> **Assignment**
Line by line, please look for the word "elim" in the following records, then copy each line you find it in.

Data START

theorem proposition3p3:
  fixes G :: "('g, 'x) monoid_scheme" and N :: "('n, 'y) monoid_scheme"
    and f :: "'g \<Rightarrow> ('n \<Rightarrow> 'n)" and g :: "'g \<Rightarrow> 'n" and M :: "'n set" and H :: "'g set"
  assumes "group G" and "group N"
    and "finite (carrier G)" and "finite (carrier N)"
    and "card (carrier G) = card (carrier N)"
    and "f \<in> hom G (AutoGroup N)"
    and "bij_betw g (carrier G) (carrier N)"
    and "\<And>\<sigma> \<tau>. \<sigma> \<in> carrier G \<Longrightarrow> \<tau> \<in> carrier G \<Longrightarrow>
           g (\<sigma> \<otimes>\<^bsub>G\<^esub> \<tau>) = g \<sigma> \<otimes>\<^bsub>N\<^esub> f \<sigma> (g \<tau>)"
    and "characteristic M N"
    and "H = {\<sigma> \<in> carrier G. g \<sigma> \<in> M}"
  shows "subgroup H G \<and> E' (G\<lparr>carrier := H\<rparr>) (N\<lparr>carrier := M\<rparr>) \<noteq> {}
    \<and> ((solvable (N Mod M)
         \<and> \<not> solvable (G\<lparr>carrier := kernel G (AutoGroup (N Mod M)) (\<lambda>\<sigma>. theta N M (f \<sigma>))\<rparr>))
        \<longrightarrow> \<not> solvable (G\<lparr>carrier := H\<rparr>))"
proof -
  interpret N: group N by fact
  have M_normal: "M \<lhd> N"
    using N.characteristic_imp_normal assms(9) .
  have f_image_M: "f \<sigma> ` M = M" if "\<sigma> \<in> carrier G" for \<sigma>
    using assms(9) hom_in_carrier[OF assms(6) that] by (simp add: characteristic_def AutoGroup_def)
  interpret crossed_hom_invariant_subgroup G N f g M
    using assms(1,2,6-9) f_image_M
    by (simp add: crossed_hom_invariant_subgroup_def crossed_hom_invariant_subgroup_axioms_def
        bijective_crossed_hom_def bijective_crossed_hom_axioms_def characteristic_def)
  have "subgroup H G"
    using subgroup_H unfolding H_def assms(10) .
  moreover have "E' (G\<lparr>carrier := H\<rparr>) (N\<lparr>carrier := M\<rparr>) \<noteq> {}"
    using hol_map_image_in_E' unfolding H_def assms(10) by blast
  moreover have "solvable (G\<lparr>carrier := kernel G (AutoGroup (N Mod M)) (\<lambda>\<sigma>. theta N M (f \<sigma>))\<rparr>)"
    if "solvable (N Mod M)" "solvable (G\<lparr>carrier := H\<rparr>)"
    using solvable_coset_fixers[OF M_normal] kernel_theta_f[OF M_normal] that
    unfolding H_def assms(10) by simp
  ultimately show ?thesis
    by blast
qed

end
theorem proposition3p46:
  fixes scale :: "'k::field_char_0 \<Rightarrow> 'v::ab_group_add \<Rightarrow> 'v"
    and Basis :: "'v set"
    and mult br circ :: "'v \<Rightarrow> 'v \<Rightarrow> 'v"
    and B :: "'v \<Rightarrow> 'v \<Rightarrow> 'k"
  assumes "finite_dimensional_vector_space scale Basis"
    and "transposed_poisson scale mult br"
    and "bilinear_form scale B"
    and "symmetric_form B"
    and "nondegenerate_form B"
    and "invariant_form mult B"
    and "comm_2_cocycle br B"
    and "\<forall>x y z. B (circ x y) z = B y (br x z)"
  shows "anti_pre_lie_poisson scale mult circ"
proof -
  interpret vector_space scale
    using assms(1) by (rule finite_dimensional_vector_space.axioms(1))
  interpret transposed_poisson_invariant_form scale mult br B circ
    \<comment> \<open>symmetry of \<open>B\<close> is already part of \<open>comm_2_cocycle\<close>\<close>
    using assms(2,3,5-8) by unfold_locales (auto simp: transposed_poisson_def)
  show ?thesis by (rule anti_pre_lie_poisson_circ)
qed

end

Data END
Data START

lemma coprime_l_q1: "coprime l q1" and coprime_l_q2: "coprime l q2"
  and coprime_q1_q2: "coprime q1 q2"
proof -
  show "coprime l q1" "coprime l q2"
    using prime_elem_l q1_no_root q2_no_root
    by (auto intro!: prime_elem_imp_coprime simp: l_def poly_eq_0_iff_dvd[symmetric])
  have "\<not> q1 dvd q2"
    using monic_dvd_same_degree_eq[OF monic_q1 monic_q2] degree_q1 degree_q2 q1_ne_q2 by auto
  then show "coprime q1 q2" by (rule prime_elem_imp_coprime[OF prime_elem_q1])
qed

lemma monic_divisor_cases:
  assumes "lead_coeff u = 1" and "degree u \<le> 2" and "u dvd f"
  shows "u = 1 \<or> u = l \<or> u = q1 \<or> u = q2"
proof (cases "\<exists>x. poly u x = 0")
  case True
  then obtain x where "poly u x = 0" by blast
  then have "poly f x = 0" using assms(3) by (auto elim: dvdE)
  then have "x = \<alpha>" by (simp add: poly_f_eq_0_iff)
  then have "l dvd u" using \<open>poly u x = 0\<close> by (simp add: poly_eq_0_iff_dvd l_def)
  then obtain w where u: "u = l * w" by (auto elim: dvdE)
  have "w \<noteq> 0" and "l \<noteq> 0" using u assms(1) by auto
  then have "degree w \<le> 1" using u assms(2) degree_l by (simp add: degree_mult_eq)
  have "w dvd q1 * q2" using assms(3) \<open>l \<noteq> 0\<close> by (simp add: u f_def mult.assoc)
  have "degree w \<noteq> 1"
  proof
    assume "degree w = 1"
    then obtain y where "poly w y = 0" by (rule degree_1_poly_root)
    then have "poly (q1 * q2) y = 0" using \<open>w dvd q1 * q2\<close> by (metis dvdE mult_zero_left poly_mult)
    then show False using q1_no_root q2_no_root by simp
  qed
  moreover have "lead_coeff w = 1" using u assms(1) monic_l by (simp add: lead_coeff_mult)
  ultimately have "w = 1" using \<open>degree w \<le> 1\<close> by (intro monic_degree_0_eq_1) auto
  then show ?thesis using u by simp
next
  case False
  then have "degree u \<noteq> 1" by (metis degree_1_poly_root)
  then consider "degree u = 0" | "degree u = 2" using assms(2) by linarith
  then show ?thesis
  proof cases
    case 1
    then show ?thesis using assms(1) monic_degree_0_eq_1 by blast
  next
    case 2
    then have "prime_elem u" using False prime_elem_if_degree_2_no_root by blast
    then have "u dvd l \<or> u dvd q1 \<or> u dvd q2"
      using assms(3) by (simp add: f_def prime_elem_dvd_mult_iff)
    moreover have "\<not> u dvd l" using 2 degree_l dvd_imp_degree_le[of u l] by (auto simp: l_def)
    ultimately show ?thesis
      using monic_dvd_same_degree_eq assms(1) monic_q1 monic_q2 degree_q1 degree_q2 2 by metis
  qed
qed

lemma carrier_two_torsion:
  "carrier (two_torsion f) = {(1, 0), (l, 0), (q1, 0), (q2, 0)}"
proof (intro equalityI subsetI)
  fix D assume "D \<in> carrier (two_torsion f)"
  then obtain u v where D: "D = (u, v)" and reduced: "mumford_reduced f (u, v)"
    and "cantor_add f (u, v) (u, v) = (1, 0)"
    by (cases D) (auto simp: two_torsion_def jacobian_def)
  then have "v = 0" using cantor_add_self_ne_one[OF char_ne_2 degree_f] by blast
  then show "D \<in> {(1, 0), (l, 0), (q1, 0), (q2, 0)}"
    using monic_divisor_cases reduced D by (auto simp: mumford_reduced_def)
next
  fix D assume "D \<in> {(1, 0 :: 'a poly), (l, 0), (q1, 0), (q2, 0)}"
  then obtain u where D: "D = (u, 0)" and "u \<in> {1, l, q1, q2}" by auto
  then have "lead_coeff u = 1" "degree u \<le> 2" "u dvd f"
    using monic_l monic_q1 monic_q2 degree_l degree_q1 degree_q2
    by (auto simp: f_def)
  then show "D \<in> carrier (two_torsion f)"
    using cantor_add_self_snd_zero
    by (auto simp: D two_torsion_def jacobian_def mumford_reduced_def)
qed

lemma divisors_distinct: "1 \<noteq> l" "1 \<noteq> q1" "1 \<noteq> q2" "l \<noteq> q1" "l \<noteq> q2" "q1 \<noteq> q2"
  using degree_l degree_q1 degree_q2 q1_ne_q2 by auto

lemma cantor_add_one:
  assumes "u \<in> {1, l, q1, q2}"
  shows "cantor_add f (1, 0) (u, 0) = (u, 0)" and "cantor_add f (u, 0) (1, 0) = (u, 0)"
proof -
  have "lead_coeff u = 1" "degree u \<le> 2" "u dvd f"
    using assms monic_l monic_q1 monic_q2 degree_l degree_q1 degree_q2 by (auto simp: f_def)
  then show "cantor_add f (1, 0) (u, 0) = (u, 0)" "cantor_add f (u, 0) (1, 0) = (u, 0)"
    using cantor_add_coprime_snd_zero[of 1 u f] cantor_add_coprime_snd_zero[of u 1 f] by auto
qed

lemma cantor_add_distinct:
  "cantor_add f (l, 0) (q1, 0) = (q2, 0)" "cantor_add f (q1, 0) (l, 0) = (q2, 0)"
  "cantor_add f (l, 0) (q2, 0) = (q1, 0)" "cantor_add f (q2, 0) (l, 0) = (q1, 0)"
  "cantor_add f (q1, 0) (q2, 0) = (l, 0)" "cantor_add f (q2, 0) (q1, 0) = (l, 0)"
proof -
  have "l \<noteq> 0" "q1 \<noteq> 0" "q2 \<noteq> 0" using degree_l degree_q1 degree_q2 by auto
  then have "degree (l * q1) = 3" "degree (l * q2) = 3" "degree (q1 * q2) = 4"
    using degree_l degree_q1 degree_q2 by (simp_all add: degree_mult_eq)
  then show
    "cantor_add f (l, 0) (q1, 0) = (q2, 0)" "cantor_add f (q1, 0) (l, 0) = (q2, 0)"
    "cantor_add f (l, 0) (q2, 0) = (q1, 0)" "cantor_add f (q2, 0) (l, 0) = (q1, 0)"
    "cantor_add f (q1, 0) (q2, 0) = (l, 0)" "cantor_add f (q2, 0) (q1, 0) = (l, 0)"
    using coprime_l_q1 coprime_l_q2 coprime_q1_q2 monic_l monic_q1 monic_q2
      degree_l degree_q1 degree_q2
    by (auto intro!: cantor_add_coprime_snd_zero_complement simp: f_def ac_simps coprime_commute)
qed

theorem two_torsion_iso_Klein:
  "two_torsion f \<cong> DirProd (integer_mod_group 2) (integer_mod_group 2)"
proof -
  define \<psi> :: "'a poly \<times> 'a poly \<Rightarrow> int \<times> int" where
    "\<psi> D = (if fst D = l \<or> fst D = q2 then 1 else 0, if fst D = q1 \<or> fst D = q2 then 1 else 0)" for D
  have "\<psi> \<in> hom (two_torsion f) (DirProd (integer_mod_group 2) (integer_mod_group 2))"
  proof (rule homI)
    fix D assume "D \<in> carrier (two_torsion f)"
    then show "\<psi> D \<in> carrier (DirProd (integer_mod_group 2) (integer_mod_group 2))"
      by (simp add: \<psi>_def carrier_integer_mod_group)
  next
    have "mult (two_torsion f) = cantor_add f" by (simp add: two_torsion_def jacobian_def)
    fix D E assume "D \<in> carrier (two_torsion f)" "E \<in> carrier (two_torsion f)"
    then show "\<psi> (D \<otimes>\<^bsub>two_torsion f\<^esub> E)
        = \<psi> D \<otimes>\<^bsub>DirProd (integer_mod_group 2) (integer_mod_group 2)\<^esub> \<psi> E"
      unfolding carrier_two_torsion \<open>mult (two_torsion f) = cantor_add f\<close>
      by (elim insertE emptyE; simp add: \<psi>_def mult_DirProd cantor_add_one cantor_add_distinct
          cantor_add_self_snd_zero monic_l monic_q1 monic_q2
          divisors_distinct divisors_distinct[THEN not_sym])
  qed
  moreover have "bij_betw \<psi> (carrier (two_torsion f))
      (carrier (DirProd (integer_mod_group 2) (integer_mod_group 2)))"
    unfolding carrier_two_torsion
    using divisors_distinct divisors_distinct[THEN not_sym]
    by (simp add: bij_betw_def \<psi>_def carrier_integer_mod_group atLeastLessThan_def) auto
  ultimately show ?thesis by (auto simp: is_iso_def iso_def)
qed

Data END

> **Your response**
  then have "poly f x = 0" using assms(3) by (auto elim: dvdE)
  then obtain w where u: "u = l * w" by (auto elim: dvdE)
      by (elim insertE emptyE; simp add: \<psi>_def mult_DirProd cantor_add_one cantor_add_distinct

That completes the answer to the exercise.